Wie praktisch alle Staatschefs im Nahen Osten und Nordafrika sieht sich Zein al-Abidine Ben Ali einer islamistischen Opposition gegenüber, die anders als etwa in Marokko, Ägypten oder Jordanien jedoch kaum öffentlich in Erscheinung treten kann. Die wichtigste Gruppierung ist die "Bewegung der Wiedergeburt" an-Nahda. Die Partei ist seit 1991 offiziell verboten, lehnt aber Gewalt als Mittel zur Durchsetzung ihrer Ziele ab. Über ihren Rückhalt in der Bevölkerung lassen sich keine gesicherten Aussagen treffen.
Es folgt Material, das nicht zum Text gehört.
(* Let $\Sigma$ be a signature on standard form over a variable system with the de Bruijn property, $F=(F,\sigma,\theta):\mathcal F_\Sigma\to\mathcal C$ a cwf morphism, and $\Pi$ a predicate signature on standard form over $\Sigma$. Let $\mathcal D=(\mathcal C,\mathrm{Pr}^{\mathcal D},\forall',\exists')$ be a first-order hyperdoctrine over $\mathcal C$, and suppose that for each $(\Gamma_R,R)\in\Pi$ an element $R^*\in\mathrm{Pr}^{\mathcal D}(F(\Gamma_R))$ is given. Then there is a unique $F$-based hyperdoctrine morphism $G:\mathcal H_{\Sigma,\Pi,\emptyset}\to\mathcal D$ with $G_{\Gamma_R}(\Gamma_R,R(\mathrm{OV}(\Gamma_R)))=R^*$ for each $(\Gamma_R,R)\in\Pi$.
   Context: Type system: fix an infinite set $V$ of variables with decidable equality and a fresh variable provider: functions $\varphi,\mathsf{fr}$ assigning to each finite $X\subseteq V$ an inhabited $\varphi(X)\subseteq V\setminus X$ and $\mathsf{fr}(X)\in\varphi(X)$; de Bruijn property: $\varphi(X)=\{\mathsf{fr}(X)\}$. Disjoint sets $F$ (function symbols), $T$ (type symbols). Preelements: terms from variables and $F$; pretypes $S(t_1,\ldots,t_n)$, $S\in T$. $\mathrm V(E)$: variables of $E$; $E[\bar a/\bar x]$: simultaneous substitution. Precontext $\Gamma=x_1:A_1,\ldots,x_n:A_n$ with $x_k\in\varphi(\{x_1,\ldots,x_{k-1}\})$, $\mathrm V(A_k)\subseteq\{x_1,\ldots,x_{k-1}\}$; $\mathrm{OV}(\Gamma)=x_1,\ldots,x_n$; $\mathrm{Fresh}(\Gamma)=\varphi(\mathrm V(\Gamma))$, $\mathrm{fresh}(\Gamma)=\mathsf{fr}(\mathrm V(\Gamma))$; $E[\bar a/\Gamma]=E[\bar a/x_1,\ldots,x_n]$. Top variables $\mathrm{TV}(\langle\rangle)=\emptyset$, $\mathrm{TV}(\Gamma,x:A)=(\mathrm{TV}(\Gamma)\setminus\mathrm V(A))\cup\{x\}$; a determining sequence is a strictly increasing $\bar i=i_1,\ldots,i_k$ with $\mathrm{TV}(\Gamma)\subseteq\{x_{i_1},\ldots,x_{i_k}\}$, $\bar a_{\bar i}=a_{i_1},\ldots,a_{i_k}$; a declaration is on standard form if $\bar i=1,\ldots,n$ (then $\bar i$ is omitted). Declarations $(\Gamma,S,\bar i)$ and $(\Gamma,f,\bar i,U)$ ($\mathrm V(U)\subseteq\mathrm V(\Gamma)$), each symbol at most once. $\mathcal J(\Sigma)$: smallest set of judgements closed under (R1) $\langle\rangle$ context; (R2) $\Gamma$ context, $A$ type $(\Gamma)$ $\Rightarrow$ $\Gamma,x:A$ context ($x\in\mathrm{Fresh}(\Gamma)$); (R3) $x_1:A_1,\ldots,x_n:A_n$ context $\Rightarrow$ $x_i:A_i\ (x_1:A_1,\ldots,x_n:A_n)$; (R4) $(\Gamma,S,\bar i)\in\Sigma$, $\bar a:\Delta\to\Gamma$ $\Rightarrow$ $S(\bar a_{\bar i})$ type $(\Delta)$; (R5) $(\Gamma,f,\bar i,U)\in\Sigma$, $\bar a:\Delta\to\Gamma$, $U[\bar a/\Gamma]$ type $(\Delta)$ $\Rightarrow$ $f(\bar a_{\bar i}):U[\bar a/\Gamma]\ (\Delta)$; where "$\bar a:\Delta\to\Gamma$" abbreviates $\Delta$ context, $\Gamma$ context, $a_k:A_k[a_1,\ldots,a_{k-1}/x_1,\ldots,x_{k-1}]\ (\Delta)$. $\Sigma$ is a signature if declared contexts are contexts and declared $U$ are types in $\mathcal J(\Sigma)$. Cwf: a category $\mathcal C$ with terminal object; classes $\mathrm{Ty}(\Gamma)$ with functorial substitution $A\{f\}$; context extension $\Gamma.A$ with $\mathrm p(A):\Gamma.A\to\Gamma$; classes $\mathrm{Tm}(\Gamma,A)$ with functorial $a\{f\}\in\mathrm{Tm}(\Delta,A\{f\})$; $\mathrm v_A\in\mathrm{Tm}(\Gamma.A,A\{\mathrm p(A)\})$; $\langle f,a\rangle_A:\Delta\to\Gamma.A$ for $a\in\mathrm{Tm}(\Delta,A\{f\})$ with $\mathrm p(A)\langle f,a\rangle_A=f$, $\mathrm v_A\{\langle f,a\rangle_A\}=a$, $\langle\mathrm p(A)h,\mathrm v_A\{h\}\rangle_A=h$, $\langle f,a\rangle_A g=\langle fg,a\{g\}\rangle_A$; $f.A=\langle f\circ\mathrm p(A\{f\}),\mathrm v_{A\{f\}}\rangle_A:\Delta.A\{f\}\to\Gamma.A$. A cwf morphism $(F,\sigma,\theta):\mathcal C\to\mathcal C'$: a functor $F$ preserving the terminal object, $\sigma_\Gamma:\mathrm{Ty}(\Gamma)\to\mathrm{Ty}'(F\Gamma)$ with $\sigma_\Delta(A\{f\})=\sigma_\Gamma(A)\{Ff\}$, $F(\Gamma.A)=F\Gamma.\sigma_\Gamma(A)$, $F(\mathrm p(A))=\mathrm p(\sigma_\Gamma(A))$, and $\theta_{\Gamma,A}:\mathrm{Tm}(\Gamma,A)\to\mathrm{Tm}'(F\Gamma,\sigma_\Gamma(A))$ commuting with substitution, with $\theta(\mathrm v_A)=\mathrm v_{\sigma_\Gamma(A)}$ and $F\langle f,a\rangle_A=\langle Ff,\theta(a)\rangle_{\sigma_\Gamma(A)}$. The cwf $\mathcal F_\Sigma$: objects are contexts $\Gamma$ (i.e. ($\Gamma$ context)$\in\mathcal J(\Sigma)$); morphisms $(\Delta,\Gamma,\bar a)$ with $\bar a:\Delta\to\Gamma$ in $\mathcal J(\Sigma)$, composed by substitution, identity $(\Gamma,\Gamma,\mathrm{OV}(\Gamma))$; $\mathrm{Ty}(\Gamma)=\{(\Gamma,A):(A\text{ type }(\Gamma))\in\mathcal J(\Sigma)\}$, $(\Gamma,A)\{(\Delta,\Gamma,\bar a)\}=(\Delta,A[\bar a/\Gamma])$; $\mathrm{Tm}(\Gamma,(\Gamma,A))=\{((\Gamma,A),a):(a:A\ (\Gamma))\in\mathcal J(\Sigma)\}$; $\Gamma.(\Gamma,S)=\langle\Gamma,\mathrm{fresh}(\Gamma):S\rangle$, $\mathrm p=(\Gamma.(\Gamma,S),\Gamma,\mathrm{OV}(\Gamma))$, $\mathrm v=((\Gamma.(\Gamma,S),S),\mathrm{fresh}(\Gamma))$, $\langle(\Delta,\Gamma,\bar s),((\Delta,S[\bar s/\Gamma]),b)\rangle=(\Delta,\Gamma.(\Gamma,S),(\bar s,b))$. Heyting (pre)algebra: a preorder $\le$ (not necessarily antisymmetric) with $\top,\bot,\wedge,\vee,\to$ satisfying $\bot\le x\le\top$, $z\le x\wedge y$ iff $z\le x$ and $z\le y$, $x\vee y\le z$ iff $x\le z$ and $y\le z$, $z\le(x\to y)$ iff $z\wedge x\le y$; morphisms are monotone maps preserving the operations and constants. A first-order hyperdoctrine over a cwf $\mathcal C$ is $(\mathcal C,\mathrm{Pr},\forall,\exists)$ with $\mathrm{Pr}:\mathcal C^{\mathrm{op}}\to\mathrm{Heyting}$ a functor ($R\{f\}=\mathrm{Pr}(f)(R)$) and, for $S\in\mathrm{Ty}(\Gamma)$, monotone $\forall_S,\exists_S:\mathrm{Pr}(\Gamma.S)\to\mathrm{Pr}(\Gamma)$ with $Q\le\forall_S(R)$ iff $Q\{\mathrm p(S)\}\le R$, and $\exists_S(R)\le Q$ iff $R\le Q\{\mathrm p(S)\}$ ($Q\in\mathrm{Pr}(\Gamma)$, $R\in\mathrm{Pr}(\Gamma.S)$), and for $f:\Delta\to\Gamma$: $\forall_S(R)\{f\}=\forall_{S\{f\}}(R\{f.S\})$, $\exists_S(R)\{f\}=\exists_{S\{f\}}(R\{f.S\})$. Given a cwf morphism $F=(F,\sigma,\theta):\mathcal C\to\mathcal C'$ and hyperdoctrines $\mathcal H=(\mathcal C,\mathrm{Pr},\forall,\exists)$, $\mathcal H'=(\mathcal C',\mathrm{Pr}',\forall',\exists')$, an $F$-based morphism $G:\mathcal H\to\mathcal H'$ is a family of Heyting morphisms $G_\Gamma:\mathrm{Pr}(\Gamma)\to\mathrm{Pr}'(F\Gamma)$ with $G_\Delta(R\{f\})=G_\Gamma(R)\{Ff\}$ for $f:\Delta\to\Gamma$, $G_\Gamma(\forall_S R)=\forall'_{\sigma_\Gamma(S)}(G_{\Gamma.S}R)$ and $G_\Gamma(\exists_S R)=\exists'_{\sigma_\Gamma(S)}(G_{\Gamma.S}R)$. Logic: predicate symbols from a set $P$ disjoint from $F\cup T$; a predicate declaration is $(\Gamma,\bar i,R)$ with ($\Gamma$ context)$\in\mathcal J(\Sigma)$, $\bar i$ determining, $R\in P$ (written $(\Gamma,R)$ on standard form); a predicate signature $\Pi$ declares each symbol at most once. $\mathrm{Form}(\Sigma,\Pi)$ is the smallest set of judgements "$\phi$ form $(\Gamma)$" with: $R(\bar a_{\bar i})$ form $(\Delta)$ for $(\Gamma,\bar i,R)\in\Pi$ and $\bar a:\Delta\to\Gamma$ in $\mathcal J(\Sigma)$; $\bot,\top$ form $(\Gamma)$ for contexts $\Gamma$; $(\phi\circ\psi)$ form $(\Gamma)$ for $\circ\in\{\wedge,\vee,\to\}$ from $\phi,\psi$ form $(\Gamma)$; $(Qx:A)\phi$ form $(\Gamma)$ for $Q\in\{\forall,\exists\}$ from $\phi$ form $(\Gamma,x:A)$ (with $(A\text{ type }(\Gamma))\in\mathcal J(\Sigma)$). Capture-avoiding substitution for $\bar a:\Delta\to\Gamma$: $\phi\{(\Delta,\Gamma,\bar a)\}=\phi[\bar a/\Gamma]$ for atomic $\phi$; it commutes with $\top,\bot,\wedge,\vee,\to$; and $((Qx:A)\theta)\{(\Delta,\Gamma,\bar a)\}=(Qy:A[\bar a/\Gamma])\,\theta\{(\langle\Delta,y:A[\bar a/\Gamma]\rangle,\langle\Gamma,x:A\rangle,(\bar a,y))\}$ with $y=\mathrm{fresh}(\Delta)$. A sequent is $\phi\Rightarrow_\Gamma\psi$ with $\phi,\psi$ form $(\Gamma)$; a theory is a set of sequents. Write $\mathbf p_\Gamma(x:A)=(\langle\Gamma,x:A\rangle,\Gamma,\mathrm{OV}(\Gamma))$. $\mathrm{Thm}(\Sigma,\Pi,T)$ is the smallest set of sequents containing $T$ and closed under: $\phi\Rightarrow_\Gamma\phi$; cut; $\theta\wedge\psi\Rightarrow_\Gamma\theta$, $\theta\wedge\psi\Rightarrow_\Gamma\psi$, from $\phi\Rightarrow_\Gamma\theta$, $\phi\Rightarrow_\Gamma\psi$ infer $\phi\Rightarrow_\Gamma\theta\wedge\psi$, $\phi\Rightarrow_\Gamma\top$; $\theta\Rightarrow_\Gamma\theta\vee\psi$, $\psi\Rightarrow_\Gamma\theta\vee\psi$, from $\theta\Rightarrow_\Gamma\phi$, $\psi\Rightarrow_\Gamma\phi$ infer $\theta\vee\psi\Rightarrow_\Gamma\phi$, $\bot\Rightarrow_\Gamma\phi$; $\theta\wedge\psi\Rightarrow_\Gamma\phi$ iff $\theta\Rightarrow_\Gamma\psi\to\phi$; $\phi\{\mathbf p_\Gamma(x:A)\}\Rightarrow_{\Gamma,x:A}\psi$ iff $\phi\Rightarrow_\Gamma(\forall x:A)\psi$; $\psi\Rightarrow_{\Gamma,x:A}\phi\{\mathbf p_\Gamma(x:A)\}$ iff $(\exists x:A)\psi\Rightarrow_\Gamma\phi$ (each "iff" read as two rules); and substitution: from $\phi\Rightarrow_\Gamma\psi$ and $\bar a:\Delta\to\Gamma$ infer $\phi\{(\Delta,\Gamma,\bar a)\}\Rightarrow_\Delta\psi\{(\Delta,\Gamma,\bar a)\}$. Lindenbaum–Tarski hyperdoctrine $\mathcal H_{\Sigma,\Pi,T}=(\mathcal F_\Sigma,\mathrm{Pr}_{\Sigma,\Pi,T},\forall,\exists)$: $\mathrm{Pr}_{\Sigma,\Pi,T}(\Gamma)=\{(\Gamma,\phi):(\phi\text{ form }(\Gamma))\in\mathrm{Form}(\Sigma,\Pi)\}$ ordered by $(\Gamma,\phi)\le(\Gamma,\psi)$ iff $(\phi\Rightarrow_\Gamma\psi)\in\mathrm{Thm}(\Sigma,\Pi,T)$, Heyting operations given by the connectives; $\mathrm{Pr}((\Delta,\Gamma,\bar a))(\Gamma,\phi)=(\Delta,\phi\{(\Delta,\Gamma,\bar a)\})$; $\forall_{(\Gamma,A)}(\langle\Gamma,x:A\rangle,\psi)=(\Gamma,(\forall x:A)\psi)$, $\exists_{(\Gamma,A)}(\langle\Gamma,x:A\rangle,\psi)=(\Gamma,(\exists x:A)\psi)$. $\mathcal H_{\Sigma,\Pi,\emptyset}$ is the case $T=\emptyset$. *)

theory Defs
  imports Main
begin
Daneben macht auch der islamistische Terrorismus vor Tunesien nicht Halt. Bei einem Anschlag auf die al-Ghriba Synagoge auf der Urlaubsinsel Djerba wurden am 11.April 2002 21 Menschen getötet, unter ihnen 14 deutsche Touristen, als der Attentäter Nizar Nawar mit einem Tanklaster in das Gebäude raste. Anfang des Jahres wurden bei mehreren Schusswechseln zwischen Sicherhietskräften und mutmaßlichen Islamisten 14 Menschen getötet. Die Männer sollen offenbar von der in Algerien operierenden Salafistischen Gruppe für Predigt und Kampf (GSPC) beeinflusst worden sein.
Auch vor diesem Hintergrund präsentiert sich der mittlerweile 71-jährige Ben Ali als Garant für Stabilität und Sicherheit. Es gilt als sicher, dass er sich bei den nächsten Wahlen 2009 im Amt bestätigen lassen wird. Um seine Macht zu sichern hat er in der Vergangenheit bereits zwei Mal die Verfassung ändern lassen. 1998 wurde die Anzahl der möglichen Legislaturperioden des Staatschefs auf 3 erhöht, 2002 gar auf 5. Bei den letzten Präsidentenwahlen 2004, die kaum demokratische Standards erfüllten, errang Ben Ali trotz mehrerer Gegenkandidaten fast 95% der Stimmen.